Saturday, April 16

Geek

Daily News Stuff 16 April 2021

How Much For Just The Propaganda Engine Edition

Top Story

  • Twitter's board unanimously adopted a poison pill measure against the takeover bid that could save the company.  (WCCFTech)

    We had to destroy Twitter in order to destroy it.


  • Twitter will never be a platform for "Free Speech".  (ZDNet)

    I was about to discard this item as trash, but then read a little further, and it is a fairly sound libertarian tirade against centralised social media in general:
    As with all other social media platforms, including Facebook, Snapchat, Instagram, Pinterest, LinkedIn and Tik Tok, the structure of Twitter prohibits free speech.

    ...

    Like all who participate in social media, Elon Musk participates in the illusion that he has an identity online. For all intents and purposes, "Elon Musk" does not exist any more than any other entity. It is a name attached to a series of text snippets residing in a database constantly sorted and sifted by a platform owner at their sole discretion.

    People who have no identity have no "speech" because they are merely fulfilling the will of the platform. Because they have no speech, the notion of "free" speech is irrelevant.
    The error here is the notion that because the war cannot be won, that the battle is not worth fighting.

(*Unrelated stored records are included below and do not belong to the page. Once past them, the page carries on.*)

lemma convex_proj_dualcone: "convex (proj_lin ` dualcone d Q)"
proof (rule convexI)
  fix z1 z2 and a b :: real
  assume z: "z1 \<in> proj_lin ` dualcone d Q" "z2 \<in> proj_lin ` dualcone d Q"
    and ab: "0 \<le> a" "0 \<le> b"
  obtain y1 where y1: "y1 \<in> dualcone d Q" "z1 = proj_lin y1" using z(1) by blast
  obtain y2 where y2: "y2 \<in> dualcone d Q" "z2 = proj_lin y2" using z(2) by blast
  have "(\<lambda>\<alpha>. a * y1 \<alpha> + b * y2 \<alpha>) \<in> dualcone d Q"
    by (rule dualcone_comb[OF y1(1) y2(1) ab])
  then have "proj_lin (\<lambda>\<alpha>. a * y1 \<alpha> + b * y2 \<alpha>) \<in> proj_lin ` dualcone d Q"
    by (rule imageI)
  then show "a *\<^sub>R z1 + b *\<^sub>R z2 \<in> proj_lin ` dualcone d Q"
    by (simp add: y1(2) y2(2) proj_lin_comb)
qed

lemma cone_proj_dualcone: "cone (proj_lin ` dualcone d Q)"
  unfolding cone_def
proof (intro ballI allI impI)
  fix z and c :: real
  assume z: "z \<in> proj_lin ` dualcone d Q" and c: "0 \<le> c"
  obtain y where y: "y \<in> dualcone d Q" "z = proj_lin y" using z by blast
  have "(\<lambda>\<alpha>. c * y \<alpha> + 0 * y \<alpha>) \<in> dualcone d Q"
    by (rule dualcone_comb[OF y(1) y(1) c order_refl])
  then have "proj_lin (\<lambda>\<alpha>. c * y \<alpha> + 0 * y \<alpha>) \<in> proj_lin ` dualcone d Q"
    by (rule imageI)
  then show "c *\<^sub>R z \<in> proj_lin ` dualcone d Q"
    unfolding proj_lin_comb y(2) by simp
qed

theorem mainTheorem12:
  fixes x0 :: "'v::finite"
    and gs :: "'v rpoly list"
    and k :: nat
  assumes gs_in_X: "\<forall>g\<in>set gs. free_of x0 g"
    and S_nonempty: "\<exists>x::'v \<Rightarrow> real. \<forall>g\<in>set gs. 0 \<le> peval g x"
    and k_ge1: "1 \<le> k"
    and k_ge: "\<forall>g\<in>set gs. nat \<lceil>real (pdeg g) / 2\<rceil> \<le> k"
    and closed: "closedin (top_of_set (Poly_Mapping.lookup ` polyspace (2 * k)))
                   (Poly_Mapping.lookup ` quadmod k (Gtilde x0 gs))"
  shows "{z::real ^ 'v. z $ x0 = 1}
           \<inter> rel_interior (proj_lin ` dualcone (2 * k) (quadmod k (Gtilde x0 gs))) \<noteq> {}"
proof -
  let ?C = "proj_lin ` dualcone (2 * k) (quadmod k (Gtilde x0 gs))"
  obtain u where u0: "u x0 > 0" and u: "\<forall>h\<in>set (Gtilde x0 gs). 0 \<le> peval h u"
    using Gtilde_nonneg_point[OF gs_in_X] S_nonempty by blast
  have "proj_lin (point_moments (2 * k) u) \<in> ?C"
    using point_moments_in_dualcone[OF u] by (rule imageI)
  then have "(\<chi> i. u i) \<in> ?C" using k_ge1 by (simp add: proj_lin_point_moments)
  moreover have "axis x0 1 \<bullet> (\<chi> i. u i) > 0" using u0 by (simp add: inner_axis')
  ultimately have "{z. axis x0 1 \<bullet> z = 1} \<inter> rel_interior ?C \<noteq> {}"
    by (rule convex_cone_rel_interior_level[OF convex_proj_dualcone cone_proj_dualcone])
  then show ?thesis by (simp add: inner_axis')
qed

end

    Why would you turn down $43 billion in cash?

    Because it's not about the money.  It's about control.


Tech News

  • What happened at Atlassian?  Two things, neither one good.  (The Register)

    Intending to deactivate a single app, they deactivated the entire cluster.
    And intending merely to deactivate that app, they instead ran a secure erase procedure for regulatory compliance.

    And that scrubbed clean large parts of the data for 400 customers.

    They have backups, but the backups are designed to restore server nodes, or entire customer databases, not parts of the data into an otherwise operational platform.  So they're restoring the databases onto recovery nodes and then gluing the pieces back into the production nodes manually.

    I've done this kind of restore process before.  It's not fun.


  • TSMC is expecting 2nm chips to arrive in 2026.  (Tom's Hardware)

    With manufacturing beginning late 2025 - a year behind Intel's planned rollout of 18A.  Though TSMC has been rather better at sticking to its schedules than Intel this past decade or so.


  • Russia plans to be producing chips at 28nm by 2030.  (Tom's Hardware)

    That's not quite 20 years behind the rest of the world.


  • The latest Linux kernels aren't just an improvement for Intel's Alder Lake.  (Phoronix)

    AMD's Milan-X chips - which have 3D cache just like the 5800X3D - can also see performance gains of as much as 30% depending on the benchmark.


  • Vtuber Kaneko Lumi announced her "graduation" - retirement - from CyberLive a few weeks ago.  I was sorry to see her go; although there are too many vtubers for me to follow all the ones I find entertaining she seemed smart and talented.

    She also kept on streaming.

    Took me a while to figure out it wasn't just a delayed graduation; she'd gone independent while retaining the character.  That's unusual.  Coco and Aloe from Hololive both went independent but left their characters behind.  Suisei brought her character to Hololive, but was independent beforehand so she was free to do so.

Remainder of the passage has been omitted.